Lisa only nodded, but Miles could see determination in her eyes. She was a fighter, that was for sure.

They followed Dr. Okonkwo back into the hallway, and the door closed softly behind them. The nurses' station remained quiet, the staff moving through their routines with the subdued energy of a hospital in the small hours of the morning.

"She's lucky to be alive," Dr. Okonkwo said. "Most people wouldn't have had the presence of mind to do what she did."

"Most people aren't professional rock climbers," Vic said. "I imagine the strength in her forearms and abs made it easier for her to get to those ropes than your average person.”

Miles looked back at Lisa Anderson's room.

They finally had a description of the killer, even if it was frustratingly generic.

White male, mid-thirties, average in almost every way.

It wasn't much, but it was more than they'd had an hour ago.
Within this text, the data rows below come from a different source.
(* Let $Q$ be an absolutely continuous stochastic algorithm with Hamiltonian $H$. Assume that for every $h\in\mathcal{H}$ there is $\rho(h)>0$ such that $\mathbb{E}\left[e^{\lambda(h(X)-\mathbb{E}[h(X')])}\right]\le e^{\lambda^2\rho(h)^2/2}$ for all $\lambda\in\mathbb{R}$, and that there is $\sigma>0$ such that for all $\lambda\in\mathbb{R}$, $k\in[n]$, $h\in\mathcal{H}$ and $\mathbf{x}\in\mathcal{X}^n$, $$\mathbb{E}_{X\sim\mu}\left[e^{\lambda\left(H(h,S^k_X\mathbf{x})-\mathbb{E}_{X'\sim\mu}[H(h,S^k_{X'}\mathbf{x})]\right)}\right]\le e^{\lambda^2\sigma^2/2}.$$ Then for $\delta>0$, with probability at least $1-\delta$ as $\mathbf{X}\sim\mu^n$ and $h\sim Q_{\mathbf{X}}$, $$\Delta(h,\mathbf{X})\le \rho(h)\left(\sqrt{32}\,\sigma+\sqrt{\frac{4\ln(1/\delta)}{n}}\right).$$
   Context: $\mathcal{X}$ is a measurable space with probability measure $\mu$, $\mathbf{X}=(X_1,\dots,X_n)\sim\mu^n$, $X,X'\sim\mu$ independent. $\mathcal{H}$ is a measurable space of measurable functions $h:\mathcal{X}\to[0,\infty)$ with nonnegative a-priori measure $\pi$. A stochastic algorithm $Q:\mathbf{x}\mapsto Q_{\mathbf{x}}$ (probability measures on $\mathcal{H}$) is absolutely continuous if each $Q_{\mathbf{x}}$ and $\pi$ are mutually absolutely continuous. A measurable $H:\mathcal{H}\times\mathcal{X}^n\to\mathbb{R}$ is a Hamiltonian for $Q$ if $dQ_{\mathbf{x}}(h)=e^{H(h,\mathbf{x})}d\pi(h)/Z(\mathbf{x})$ with $Z(\mathbf{x})=\int_{\mathcal{H}}e^{H(h,\mathbf{x})}d\pi(h)$ finite and positive. $[n]=\{1,\dots,n\}$; $S^k_y\mathbf{x}$ replaces the $k$-th coordinate of $\mathbf{x}$ by $y$. Generalization gap: $\Delta(h,\mathbf{x})=\mathbb{E}[h(X)]-\frac1n\sum_{i=1}^n h(x_i)$. Probability "as $\mathbf{X}\sim\mu^n$ and $h\sim Q_{\mathbf{X}}$" is w.r.t. the joint law. All functions are assumed to have finite exponential moments of all orders (and $\int_{\mathcal{H}}e^{\mathbb{E}[H(h,\mathbf{X})]}d\pi(h)$ is finite and positive). *)

theory Defs
  imports "HOL-Probability.Probability"
begin

text \<open>Sample space of n-samples: \<mu>^n, indices [n] rendered as {0..<n}.\<close>
abbreviation sample_space :: "nat \<Rightarrow> 'a measure \<Rightarrow> (nat \<Rightarrow> 'a) measure" where
  "sample_space n M \<equiv> PiM {0..<n} (\<lambda>_. M)"

definition gen_gap :: "'a measure \<Rightarrow> nat \<Rightarrow> ('a \<Rightarrow> real) \<Rightarrow> (nat \<Rightarrow> 'a) \<Rightarrow> real" where
  "gen_gap M n h x = (\<integral>y. h y \<partial>M) - (\<Sum>i<n. h (x i)) / real n"

definition partition_fun :: "('b measure) \<Rightarrow> ('b \<Rightarrow> 'c \<Rightarrow> real) \<Rightarrow> 'c \<Rightarrow> real" where
  "partition_fun Pr H x = (\<integral>h. exp (H h x) \<partial>Pr)"

definition abs_cont_alg :: "'b measure \<Rightarrow> 'c measure \<Rightarrow> ('c \<Rightarrow> 'b measure) \<Rightarrow> bool" where
  "abs_cont_alg Pr XS Q \<longleftrightarrow> (\<forall>x\<in>space XS. prob_space (Q x) \<and> sets (Q x) = sets Pr \<and>
       absolutely_continuous Pr (Q x) \<and> absolutely_continuous (Q x) Pr)"

definition is_hamiltonian :: "'b measure \<Rightarrow> 'c measure \<Rightarrow> ('c \<Rightarrow> 'b measure) \<Rightarrow> ('b \<Rightarrow> 'c \<Rightarrow> real) \<Rightarrow> bool" where
  "is_hamiltonian Pr XS Q H \<longleftrightarrow>
     (\<lambda>(h, x). H h x) \<in> borel_measurable (Pr \<Otimes>\<^sub>M XS) \<and>
     (\<forall>x\<in>space XS. integrable Pr (\<lambda>h. exp (H h x)) \<and> partition_fun Pr H x > 0 \<and>
        Q x = density Pr (\<lambda>h. ennreal (exp (H h x) / partition_fun Pr H x)))"

end

theory Submission
  imports Defs
begin

text \<open>Relative to the sample-independent prior \<open>\<pi>\<close> with density proportional to
  \<open>exp \<bbbE>[H(h, X)]\<close>, the posterior \<open>Q\<^sub>x\<close> is the exponential tilt of \<open>\<pi>\<close> by the centred
  Hamiltonian \<open>G = H - \<bbbE>H\<close>. Jensen's inequality \<open>1 / \<integral>e\<^sup>G d\<pi> \<le> \<integral>e\<^sup>-\<^sup>G d\<pi>\<close> bounds the posterior
  mass of the bad set \<open>B\<close> by \<open>\<integral>\<^sub>Be\<^sup>G d\<pi> \<cdot> \<integral>e\<^sup>-\<^sup>G d\<pi>\<close>, and AM-GM splits this into
  \<open>\<pi>(B)/(2\<eta>) + \<eta>/4 (\<integral>e\<^sup>4\<^sup>G d\<pi> + \<integral>e\<^sup>-\<^sup>4\<^sup>G d\<pi>)\<close>. After averaging over the sample and
  exchanging the integrals, \<open>\<pi>(B)\<close> is controlled by the Chernoff bound for the sub-Gaussian
  hypotheses, and the exponential moments of \<open>\<pm>4G\<close> by \<open>exp (8n\<sigma>\<^sup>2)\<close> through a McDiarmid-type
  tensorisation of the coordinatewise sub-Gaussian condition on \<open>H\<close>. Taking
  \<open>\<eta> = exp (-nt\<^sup>2/4)\<close> makes the total failure probability at most \<open>\<delta>\<close>.\<close>

lemma exp_integral_le_nn_integral_exp:
  fixes g :: "'b \<Rightarrow> real"
  assumes N: "prob_space N" and g: "integrable N g"
  shows "ennreal (exp (\<integral>x. g x \<partial>N)) \<le> (\<integral>\<^sup>+x. ennreal (exp (g x)) \<partial>N)"
proof (cases "integrable N (\<lambda>x. exp (g x))")
  case True
  have "exp (\<integral>x. g x \<partial>N) \<le> (\<integral>x. exp (g x) \<partial>N)"
    using prob_space.jensens_inequality[OF N g, of UNIV 0 0 exp] True exp_convex by auto
  then have "ennreal (exp (\<integral>x. g x \<partial>N)) \<le> ennreal (\<integral>x. exp (g x) \<partial>N)"
    by (rule ennreal_leI)
  also have "\<dots> = (\<integral>\<^sup>+x. ennreal (exp (g x)) \<partial>N)"
    using True by (intro nn_integral_eq_integral[symmetric]) auto
  finally show ?thesis .
next
  case False
  have "(\<integral>\<^sup>+x. ennreal (exp (g x)) \<partial>N) = \<infinity>"
    using False g by (intro ccontr[of "_ = \<infinity>"]) (auto intro!: integrableI_bounded simp: less_top)
  then show ?thesis by simp
qed

lemma one_div_integral_le_nn_integral_one_div:
  fixes f :: "'b \<Rightarrow> real"
  assumes N: "prob_space N" and f: "integrable N f" and pos: "\<forall>x\<in>space N. f x > 0"
  shows "ennreal (1 / (\<integral>x. f x \<partial>N)) \<le> (\<integral>\<^sup>+x. ennreal (1 / f x) \<partial>N)"
proof (cases "integrable N (\<lambda>x. 1 / f x)")
  case True
  interpret N: prob_space N by fact
  define Y where "Y = (\<integral>x. f x \<partial>N)"
  have "Y \<noteq> 0"
  proof
    assume "Y = 0"
    then have "AE x in N. f x = 0"
      using f pos by (subst (asm) Y_def, subst (asm) integral_nonneg_eq_0_iff_AE) (auto intro!: AE_I2 less_imp_le)
    then have "AE x in N. False"
      by (rule AE_mp) (use pos in \<open>auto intro!: AE_I2\<close>)
    then show False by (simp add: N.AE_False)
  qed
  moreover have "Y \<ge> 0"
    unfolding Y_def using pos by (intro integral_nonneg_AE AE_I2) (auto simp: less_imp_le)
  ultimately have "Y > 0" by simp
  \<comment> \<open>The tangent line of \<open>1/v\<close> at \<open>v = Y\<close> lies below the convex function \<open>1/v\<close>.\<close>
  have tangent: "2 / Y - v / Y^2 \<le> 1 / v" if "v > 0" for v
  proof -
    have "1 / v - (2 / Y - v / Y^2) = (v - Y)^2 / (v * Y^2)"
      using that \<open>Y > 0\<close> by (simp add: field_simps power2_eq_square)
    also have "\<dots> \<ge> 0" using that by simp
    finally show ?thesis by simp
  qed
  have "1 / Y = (\<integral>x. (2 / Y - f x / Y^2) \<partial>N)"
    using f \<open>Y > 0\<close> by (simp add: N.prob_space Y_def[symmetric] field_simps power2_eq_square)
  also have "\<dots> \<le> (\<integral>x. 1 / f x \<partial>N)"
    using f True pos tangent by (intro integral_mono) auto
  finally have "ennreal (1 / Y) \<le> ennreal (\<integral>x. 1 / f x \<partial>N)"
    by (rule ennreal_leI)
  also have "\<dots> = (\<integral>\<^sup>+x. ennreal (1 / f x) \<partial>N)"
    using True pos by (intro nn_integral_eq_integral[symmetric]) (auto intro!: AE_I2 less_imp_le)
  finally show ?thesis by (simp add: Y_def)
next
  case False
  have "(\<integral>\<^sup>+x. ennreal (1 / f x) \<partial>N) = \<infinity>"
  proof (rule ccontr)
    assume "(\<integral>\<^sup>+x. ennreal (1 / f x) \<partial>N) \<noteq> \<infinity>"
    moreover have "(\<integral>\<^sup>+x. ennreal (norm (1 / f x)) \<partial>N) = (\<integral>\<^sup>+x. ennreal (1 / f x) \<partial>N)"
      using pos by (intro nn_integral_cong) auto
    ultimately have "integrable N (\<lambda>x. 1 / f x)"
      using f by (intro integrableI_bounded) (auto simp: less_top)
    with False show False by simp
  qed
  then show ?thesis by simp
qed

definition subgaussian :: "'a measure \<Rightarrow> ('a \<Rightarrow> real) \<Rightarrow> real \<Rightarrow> bool"
  where "subgaussian M f s \<longleftrightarrow> integrable M f \<and>
    (\<forall>l. (\<integral>\<^sup>+y. ennreal (exp (l * (f y - (\<integral>y'. f y' \<partial>M)))) \<partial>M) \<le> ennreal (exp (l\<^sup>2 * s\<^sup>2 / 2)))"

lemma subgaussian_nn_integral_abs_le:
  assumes "subgaussian M f s"
  shows "(\<integral>\<^sup>+y. ennreal \<bar>f y - (\<integral>y'. f y' \<partial>M)\<bar> \<partial>M) \<le> ennreal (2 * exp (s\<^sup>2 / 2))"
proof -
  define D where "D y = f y - (\<integral>y'. f y' \<partial>M)" for y
  have D_meas: "D \<in> borel_measurable M" using assms by (auto simp: subgaussian_def D_def[abs_def])
  have "\<bar>d\<bar> \<le> exp d + exp (- d)" for d :: real
    using exp_ge_add_one_self[of d] exp_ge_add_one_self[of "- d"] exp_gt_zero[of d] exp_gt_zero[of "- d"]
    by linarith
  then have "(\<integral>\<^sup>+y. ennreal \<bar>D y\<bar> \<partial>M) \<le> (\<integral>\<^sup>+y. ennreal (exp (D y)) + ennreal (exp (- D y)) \<partial>M)"
    by (intro nn_integral_mono) (simp add: ennreal_plus[symmetric] del: ennreal_plus)
  also have "\<dots> = (\<integral>\<^sup>+y. ennreal (exp (D y)) \<partial>M) + (\<integral>\<^sup>+y. ennreal (exp (- D y)) \<partial>M)"
    using D_meas by (subst nn_integral_add) auto
  also have "\<dots> \<le> ennreal (exp (s\<^sup>2 / 2)) + ennreal (exp (s\<^sup>2 / 2))"
  proof -
    have mgf: "(\<integral>\<^sup>+y. ennreal (exp (l * D y)) \<partial>M) \<le> ennreal (exp (l\<^sup>2 * s\<^sup>2 / 2))" for l
      using assms by (simp add: subgaussian_def D_def)
    show ?thesis using mgf[of 1] mgf[of "- 1"] by (intro add_mono) simp_all
  qed
  also have "\<dots> = ennreal (2 * exp (s\<^sup>2 / 2))"
    by (simp add: ennreal_plus[symmetric] del: ennreal_plus)
  finally show ?thesis by (simp add: D_def)
qed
And more than that, Lisa had survived. That changed everything.

The killer had failed, and failure would make him angry and desperate.

And if that were true, based on everything he knew of criminal profiling that meant the killer was now more likely to make mistakes.

"Let's get back to the field office," Miles said. "Kim needs to hear all of this, and we need to start building a composite sketch based on Lisa’s description."

They walked back to the elevator, leaving behind the hushed corridors of the ICU. The night was far from over, and Miles was already starting to wonder how the killer was going to react when he learned that his third victim had survived.